0.6 for all-over relationships for different types of malwares.

-

0.7 is the best test characteristic, offering a better trade-off between false positives and false negatives.

-

0.8 for fine-grained clustering, both within families and within families for similar types of malwares in the case of a large number of similar and similar malwares.
Justification for Threshold Selection: The values used for these thresholds have been determined empirically using the discussed equations with the help of the malware samples belonging to various families. Such values, such as 0.7, are said to conform to clustering precision and avoid a high likelihood of mis-grouping contacts.

-

Threshold of 0.6: The threshold of 0.6 provides a more general mapping of relationships between various kinds within malware types, making it suitable for detecting families that appear similar at a high level of abstraction but differ significantly at a low level of malware code or behavior.

-

Threshold of 0.7: This threshold is optimal for most malware families, as it ensures a true positive rate equal to the recall, while simultaneously minimizing false positives. It forwards consistently without over-learning, which makes it ideal for identifying new samples, which are variants of a basic malware type.

-

Threshold of 0.8: The threshold of 0.8 is utilized for other malware types that belong to the same family. This threshold is perfect when you wish to cluster very similar malware samples which only differ slightly.
Effectiveness Across Different Malware Families:

-

Polymorphic Malware: Over time, the executable’s parts or entire form may change, complicating the classification of such samples. Even when the input matrix is transformed through functions such as MinHash and Jaccard Index, which remove any sense of position related to value occurrence, applying the framework with a coefficient of 0.7 ensures that he polymorphic variants belonging to a particular family are clustered appropriately.

-

Cross-Family Detection: We set a similarity of 0 at 0.6 for similar samples from different malware families that may exhibit similar behavior (e.g., spyware or ransomware with a similar function), even though their code may differ.
Impact on Robustness: The thresholds play a crucial role in ensuring the robustness of the framework, especially when dealing with:

-

Polymorphism: The capability of the malware to evolve in terms of structure but not in terms of its primary function.

-

Obfuscation: This is a common practice used by malware programs worldwide to mask their true functions with deceptive ones. They emphasize that even when the code of two variants of a given malware differs substantially, a threshold like 0.7 still allows the framework to identify similarities between obfuscated malware samples.

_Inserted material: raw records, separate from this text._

(* For all $z\in\mathbb{C}\setminus\big((-\infty,-1]\cup[1,\infty)\big)$, $$z(1+z)\gamma(z)+z(1-z)\gamma(-z)=2z^3\gamma(z^2)-2z\log 2+(1+z)\log(1+z)-(1-z)\log(1-z).$$
   Context: $\gamma(z)$ is the generalized-Euler-constant function: for $|z|\le1$, $\gamma(z)=\sum_{n=1}^{\infty} z^{n-1}\left(\frac{1}{n}-\log\frac{n+1}{n}\right)$, and for $z\in\mathbb{C}\setminus[1,\infty)$ it denotes the analytic continuation $\gamma(z)=\int_0^1\frac{1-x+\log x}{(1-xz)\log x}\,dx$. $\log$ is the principal branch. *)

theory Defs
  imports "HOL-Analysis.Analysis"
begin

text \<open>Generalized Euler constant function, defined for z in C minus [1,inf) by
  gamma(z) = integral over [0,1] of (1 - x + log x) / ((1 - x z) log x) dx
  (analytic continuation of sum z^(n-1) (1/n - log((n+1)/n)) from the unit disc).\<close>
definition gen_euler_gamma :: "complex \<Rightarrow> complex" where
  "gen_euler_gamma z =
     integral {0..1::real}
       (\<lambda>x. complex_of_real (1 - x + ln x) / ((1 - complex_of_real x * z) * complex_of_real (ln x)))"

end

theory Submission
  imports Defs "HOL-Real_Asymp.Real_Asymp"
begin

(* Since (1 - x + ln x) / ln x = 1 - L(x), where L(x) = (x - 1) / ln x is the logarithmic mean
   of x and 1, gamma(w) is the integral over [0,1] of (1 - L(x)) / (1 - x w).  Substituting x = y^2
   in gamma(z^2) and using L(y^2) = (1 + y) L(y) / 2, the combination
   z (1 + z) gamma(z) + z (1 - z) gamma(-z) - 2 z^3 gamma(z^2) becomes the integral of
   z (1 - z) / (1 - x z) + z (1 + z) / (1 + x z) - 2 z L(x): the partial fractions integrate to
   logarithms, and the integral of L over [0,1] is ln 2. *)

definition log_mean :: "real \<Rightarrow> real" where
  "log_mean x = (if x = 0 then 0 else if x = 1 then 1 else (x - 1) / ln x)"

lemma log_mean_square:
  assumes "0 \<le> x"
  shows "log_mean (x\<^sup>2) = (1 + x) * log_mean x / 2"
proof -
  consider "x = 0" | "x = 1" | "0 < x" "x \<noteq> 1" using assms by fastforce
  then show ?thesis
  proof cases
    case 3
    then have "x\<^sup>2 \<noteq> 1" "ln x \<noteq> 0" by (auto simp: power2_eq_1_iff)
    moreover have "ln (x\<^sup>2) = 2 * ln x" using 3 by (simp add: ln_realpow)
    ultimately show ?thesis using 3 by (simp add: log_mean_def field_simps power2_eq_square)
  qed (auto simp: log_mean_def)
qed
(* Let $p\colon X\to Y$ be a right fibration of simplicial sets and let $y$ be a vertex of $Y$. Then the natural map $p^{-1}(y)\to P(p,y)$ is the inclusion of a deformation retract.
   Context: A right fibration is a map of simplicial sets with the right lifting property with respect to all horn inclusions $\Lambda^k[n]\to\Delta[n]$ with $n\ge1$ and $0<k\le n$. $P(Y,y)$ is the simplicial set with $P(Y,y)_n=\{z\colon\Delta[n+1]\to Y\mid z(0)=y\}$, simplicial operators induced by $\bar f\colon[m+1]\to[n+1]$, $\bar f(0)=0$, $\bar f(k)=f(k-1)+1$ for $f\colon[m]\to[n]$; it has base vertex $*$ given by the $1$-simplex constant at $y$. The map $\bar\jmath\colon P(Y,y)\to Y$ sends an $(n+1)$-simplex $z$ to its face opposite vertex $0$. The right homotopy fibre $P(p,y)$ is the pullback of $X\xrightarrow{p}Y\xleftarrow{\bar\jmath}P(Y,y)$. The fibre $p^{-1}(y)$ is the pullback of $X\xrightarrow{p}Y\xleftarrow{y}\Delta[0]$, and the map $p^{-1}(y)\to P(p,y)$ is induced by $*\colon\Delta[0]\to P(Y,y)$ (note $\bar\jmath\circ *=y$). *)

theory Defs
  imports Main
begin

text \<open>A morphism [m] \<rightarrow> [n] of the simplex category is represented by a function
  nat \<Rightarrow> nat that is monotone on {..m} and maps {..m} into {..n}; only its values on
  {..m} matter.\<close>

definition simp_op :: "nat \<Rightarrow> nat \<Rightarrow> (nat \<Rightarrow> nat) \<Rightarrow> bool" where
  "simp_op m n f \<longleftrightarrow> (\<forall>i j. i \<le> j \<longrightarrow> j \<le> m \<longrightarrow> f i \<le> f j) \<and> (\<forall>i\<le>m. f i \<le> n)"

text \<open>A simplicial set: the set of n-simplices for each n, and the simplicial operator
  sop X m n f : X_n \<rightarrow> X_m induced by f : [m] \<rightarrow> [n].\<close>

record 'a sset =
  scar :: "nat \<Rightarrow> 'a set"
  sop  :: "nat \<Rightarrow> nat \<Rightarrow> (nat \<Rightarrow> nat) \<Rightarrow> 'a \<Rightarrow> 'a"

3.5. Evaluation and Comparison with Existing Tools

The current evaluation is based on malware samples gathered from GitHub repositories, providing the first clue about how the proposed methodology should work to identify similarities and classify new attachments by family. However, the limited sample size and lack of diversity in malware types hinder the current analysis, making it challenging to apply. This is because there is not enough research on the approach’s resilience and flexibility against various threats.
In future studies, they need to extend the evaluation protocol to more commonly used malware datasets such as the CICIDS dataset or any other dataset with benchmarked files. This would enable a comparison of the proposed methodology with other malware analysis tools, like VirusTotal, YARA, and signature-based systems, and therefore a systematic comparison of the strengths and limitations.
The proposed approach is more powerful than the conventional signature-based methods in one aspect, particularly in detecting new or modified URLs belonging to the same group or different from the predefined fingerprint signature. This is especially important for polymorphic or obfuscated malware, which is beyond the capabilities of signature-based detection immune systems.
Future comparisons should incorporate a greater number of malware sample representatives to enhance accuracy. Apart from evaluating the effectiveness of the methodology, we should also consider other factors like accuracy, false positive and false negative rates, and the duration of the analysis.

4. Results

The results are categorized into two parts: Shared Code Analysis and Shared Attribute Analysis.

4.1. Shared Code Analysis Results

The Shared Code Analysis component produces terminal output in the form of lists of pairs of malware samples and their calculated MinHash values. This index measures the number of matches between the codes of at least two different malware samples. Judging by the terminal output, one can get an idea of how much one malware sample reuses the code from the other samples, allowing one to find out which samples contain similar code. Figure 4 and Figure 5 show output 1 and output 2 of shared code analysis, respectively.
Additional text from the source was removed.